Theory of finite automata and regular expressions


  1. { [^i ]^i | i >= 1 } is NOT regular
  2. If R is regular, -R (complement of R) is regular
    EX: /* */ is ok.
    "/*" -("*/") "*/" looks like it should work, but it is completely wrong. It is wrong because it doesn't include anything (even a string) with the two characters */ anywhere in it.
  3. R is regular, s is a subset of R, but this does NOT mean that s is regular.
    EX: if V = ascii vocabulary, then V* denotes everything (books, stock reports, etc); and everything can contain a lot of extra information that is not wanted.
    V is a superset of #1 (above), and so then s cannot be a subset. Smaller expressions do not necessarily mean easier
  4. R1 is regular and R2 is regular, then R1 intersection R2 is regular.
    EX: CSXtokens = CSX & all-three-letter-tokens = VVV This helps to illustrate intersection, as CSX intersection VVV will narrow the field of all CSXtokens and all-three-letter-tokens to be only three letter CSXtokens.


    R1: -->(1)--a-->((2))<==a
    R2: -->(3)--a-->((4))--b-->((5))
    R1 intersection R2: -->(1,3)--a-->((2,4))-->(2,?)\-->(?,5)
    The '?' denotes that that particular state under both states isn't final, so we can go ahead and delete it.
    R1 intersection R2: -->(1,3)--a-->((2,4)) ; or a+ intersection (a|ab) = a.
    We can also prove this using complementation (Dr.
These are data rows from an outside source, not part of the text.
(* The heart of the argument is a discrete Lipschitz estimate. Walking from a lattice point a to
   a lattice point b by unit steps, the increment hypothesis gives
   |h(sum b_i L_i) - h(sum a_i L_i)| <= C |b - a| |a|^(s-1) as long as |b - a| <= |a|/2.
   After rescaling, f_m(y) - f_m(x) = O(|y - x| + 1/m) for y near a point x <> 0, uniformly in m.

   At a rational point x = k/q one has f_(qj)(x) = f_j(k) / q^s, and the identity
   f_m(x) = (m'/m)^s f_m'((m/m') x) together with the Lipschitz estimate shows that
   f_m(x) - f_(q floor(m/q))(x) -> 0. Hence limsup f_m(x) = hhat(k)/q^s = hhat(x), and f_m(x)
   converges when f_m(k) does. Both statements extend to arbitrary x, resp. to the closure of the
   cone, by approximating x with rational points, using the continuity of hhat and the uniformity
   of the Lipschitz estimate. *)

section \<open>Integer multiples and lattice points\<close>

lemma sum_lessThan_const_add:
  "(\<Sum>j<p + q. a) = (\<Sum>j<p. a) + (\<Sum>j<(q::nat). (a::'a::ab_group_add))"
  by (induction q) (simp_all add: add.assoc)

lemma zsmult_of_nat_diff:
  "zsmult (int p - int q) a = (\<Sum>j<p. a) - (\<Sum>j<q. (a::'a::ab_group_add))"
proof (cases "q \<le> p")
  case True
  then have "(\<Sum>j<p. a) = (\<Sum>j<p - q. a) + (\<Sum>j<q. a)"
    using sum_lessThan_const_add[where p = "p - q" and q = q] by simp
  with True show ?thesis by (simp add: zsmult_def nat_diff_distrib)
next
  case False
  then have "(\<Sum>j<q. a) = (\<Sum>j<q - p. a) + (\<Sum>j<p. a)"
    using sum_lessThan_const_add[where p = "q - p" and q = p] by simp
  with False show ?thesis by (simp add: zsmult_def nat_diff_distrib)
qed

lemma zsmult_eq_diff: "zsmult k a = (\<Sum>j<nat k. a) - (\<Sum>j<nat (- k). (a::'a::ab_group_add))"
  by (simp add: zsmult_def)

lemma zsmult_add: "zsmult (j + k) a = zsmult j a + zsmult k (a::'a::ab_group_add)"
proof -
  have "j + k = int (nat j + nat k) - int (nat (- j) + nat (- k))" by simp
  then have "zsmult (j + k) a = (\<Sum>i<nat j + nat k. a) - (\<Sum>i<nat (- j) + nat (- k). a)"
    by (metis zsmult_of_nat_diff)
  then show ?thesis by (simp add: sum_lessThan_const_add zsmult_eq_diff[of j] zsmult_eq_diff[of k])
qed

lemma zsmult_0 [simp]: "zsmult 0 a = 0"
  by (simp add: zsmult_def)

lemma zsmult_1 [simp]: "zsmult 1 a = a"
  by (simp add: zsmult_def)

lemma zsmult_zero_right [simp]: "zsmult k (0::'a::ab_group_add) = 0"
  by (simp add: zsmult_def)

lemma zsmult_plus: "zsmult k (a + b) = zsmult k a + zsmult k (b::'a::ab_group_add)"
  by (simp add: zsmult_def sum.distrib)

lemma zsmult_sum:
  "finite A \<Longrightarrow> zsmult k (\<Sum>i\<in>A. g i) = (\<Sum>i\<in>A. zsmult k (g i::'a::ab_group_add))"
  by (induction A rule: finite_induct) (simp_all add: zsmult_plus)

lemma zsmult_of_nat_zsmult: "zsmult (int m) (zsmult k a) = zsmult (int m * k) (a::'a::ab_group_add)"
proof (induction m)
  case (Suc m)
  have "zsmult (int (Suc m)) (zsmult k a) = zsmult (int m) (zsmult k a) + zsmult k a"
    using zsmult_add[of "int m" 1 "zsmult k a"] by (simp add: add.commute)
  also have "\<dots> = zsmult (int (Suc m) * k) a"
    by (simp add: Suc zsmult_add[symmetric] algebra_simps)
  finally show ?case .
qed simp

definition zcomb :: "('n::finite \<Rightarrow> 'p::ab_group_add) \<Rightarrow> ('n \<Rightarrow> int) \<Rightarrow> 'p" where
  "zcomb L a = (\<Sum>i\<in>UNIV. zsmult (a i) (L i))"

definition znorm :: "('n::finite \<Rightarrow> int) \<Rightarrow> real" where
  "znorm a = (\<Sum>i\<in>UNIV. real_of_int \<bar>a i\<bar>)"

lemma zcomb_add: "zcomb L (\<lambda>i. a i + b i) = zcomb L a + zcomb L b"
  by (simp add: zcomb_def zsmult_add sum.distrib)

lemma zcomb_upd: "zcomb L (a(i := a i + d)) = zsmult d (L i) + zcomb L a"
proof -
  have "a(i := a i + d) = (\<lambda>j. (if j = i then d else 0) + a j)"
    by (auto simp: fun_eq_iff)
  moreover have "zcomb L (\<lambda>j. if j = i then d else 0) = (\<Sum>j\<in>UNIV. if j = i then zsmult d (L i) else 0)"
    unfolding zcomb_def by (rule sum.cong) auto
  then have "zcomb L (\<lambda>j. if j = i then d else 0) = zsmult d (L i)"
    by simp
  ultimately show ?thesis by (simp add: zcomb_add[of L "\<lambda>j. if j = i then d else 0" a])
qed

lemma zsmult_zcomb: "zsmult (int m) (zcomb L k) = zcomb L (\<lambda>i. int m * k i)"
  by (simp add: zcomb_def zsmult_sum zsmult_of_nat_zsmult)

lemma zcomb_bound_of_zlincomb_bound:
  fixes L :: "'n::finite \<Rightarrow> 'p::ab_group_add"
  assumes "\<And>r (Ls :: nat \<Rightarrow> 'p). \<exists>C R. \<forall>m. R \<le> znorm1 r m \<longrightarrow> P C (znorm1 r m) (zlincomb r m Ls)"
  shows "\<exists>C R. \<forall>a. R \<le> znorm a \<longrightarrow> P C (znorm a) (zcomb L a)"
proof -
  obtain e :: "nat \<Rightarrow> 'n" where e: "bij_betw e {..<CARD('n)} UNIV"
    using ex_bij_betw_nat_finite[of "UNIV :: 'n set"] by (auto simp: atLeast0LessThan)
  have "zlincomb CARD('n) (a \<circ> e) (L \<circ> e) = zcomb L a" "znorm1 CARD('n) (a \<circ> e) = znorm a" for a
    using sum.reindex_bij_betw[OF e, of "\<lambda>i. zsmult (a i) (L i)"] sum.reindex_bij_betw[OF e, of "\<lambda>i. real_of_int \<bar>a i\<bar>"]
    by (simp_all add: zlincomb_def zcomb_def znorm1_def znorm_def)
  moreover obtain C R where "\<forall>m. R \<le> znorm1 CARD('n) m \<longrightarrow> P C (znorm1 CARD('n) m) (zlincomb CARD('n) m (L \<circ> e))"
    using assms by blast
  ultimately have "\<forall>a. R \<le> znorm a \<longrightarrow> P C (znorm a) (zcomb L a)"
    by (metis (no_types, lifting))
  then show ?thesis by blast
qed

lemma znorm_nonneg: "0 \<le> znorm a"
  by (simp add: znorm_def sum_nonneg)

lemma znorm_eq_0_iff: "znorm a = 0 \<longleftrightarrow> a = (\<lambda>_. 0)"
  by (simp add: znorm_def sum_nonneg_eq_0_iff fun_eq_iff)

lemma znorm_of_nat: obtains k :: nat where "znorm a = real k"
proof
  show "znorm a = real (nat (\<Sum>i\<in>UNIV. \<bar>a i\<bar>))"
    by (simp add: znorm_def sum_nonneg)
qed

lemma znorm_diff_bound: "\<bar>znorm b - znorm a\<bar> \<le> znorm (\<lambda>j. b j - a j)"
proof -
  have "\<bar>znorm b - znorm a\<bar> = \<bar>\<Sum>i\<in>UNIV. real_of_int (\<bar>b i\<bar> - \<bar>a i\<bar>)\<bar>"
    by (simp add: znorm_def sum_subtractf)
  also have "\<dots> \<le> (\<Sum>i\<in>UNIV. \<bar>real_of_int (\<bar>b i\<bar> - \<bar>a i\<bar>)\<bar>)"
    by (rule sum_abs)
  also have "\<dots> \<le> znorm (\<lambda>j. b j - a j)"
    unfolding znorm_def by (intro sum_mono) auto
  finally show ?thesis .
qed

lemma znorm_upd: "znorm (a(i := v)) = znorm a - \<bar>a i\<bar> + \<bar>v\<bar>"
proof -
  have split: "(\<Sum>j\<in>UNIV. g j) = g i + (\<Sum>j\<in>UNIV - {i}. g j)" for g :: "'a \<Rightarrow> real"
    by (rule sum.remove) auto
  have "(\<Sum>j\<in>UNIV - {i}. real_of_int \<bar>(a(i := v)) j\<bar>) = (\<Sum>j\<in>UNIV - {i}. real_of_int \<bar>a j\<bar>)"
    by (rule sum.cong) auto
  then show ?thesis
    unfolding znorm_def split[of "\<lambda>j. real_of_int \<bar>(a(i := v)) j\<bar>"] split[of "\<lambda>j. real_of_int \<bar>a j\<bar>"]
    by simp
qed

lemma unit_step_towards:
  assumes "b \<noteq> (a :: 'n::finite \<Rightarrow> int)"
  obtains i d where "\<bar>d\<bar> = 1" "znorm (\<lambda>j. (b(i := b i + d)) j - a j) = znorm (\<lambda>j. b j - a j) - 1"
proof -
  obtain i where i: "b i \<noteq> a i" using assms by auto
  define d where "d = sgn (a i - b i)"
  have "\<bar>b i + d - a i\<bar> = \<bar>b i - a i\<bar> - 1"
    using i by (auto simp: d_def sgn_if)
  moreover have "(\<lambda>j. (b(i := b i + d)) j - a j) = (\<lambda>j. b j - a j)(i := b i + d - a i)"
    by auto
  ultimately have "znorm (\<lambda>j. (b(i := b i + d)) j - a j) = znorm (\<lambda>j. b j - a j) - 1"
    using znorm_upd[of "\<lambda>j. b j - a j" i "b i + d - a i"] by simp
  moreover have "\<bar>d\<bar> = 1" using i by (simp add: d_def)
  ultimately show thesis using that by blast
qed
Morgan's Law) R1 intersection R2 = -(-R1 union -R2)
  5. If R is regular R^rev (where 'rev' reverses all strings) is regular.
    EX: (xyz)^rev = zyx
    This can be more easily seen by drawing a finite automata (FA) and reversing the directional arrows.

Parsing and Context Free Grammar (CFG)



---->SCANNER--tokens-->PARSER--structural represenation of the language-->

The parser uses Context Free Grammar (CFG) the same way the scanner uses regular expressions.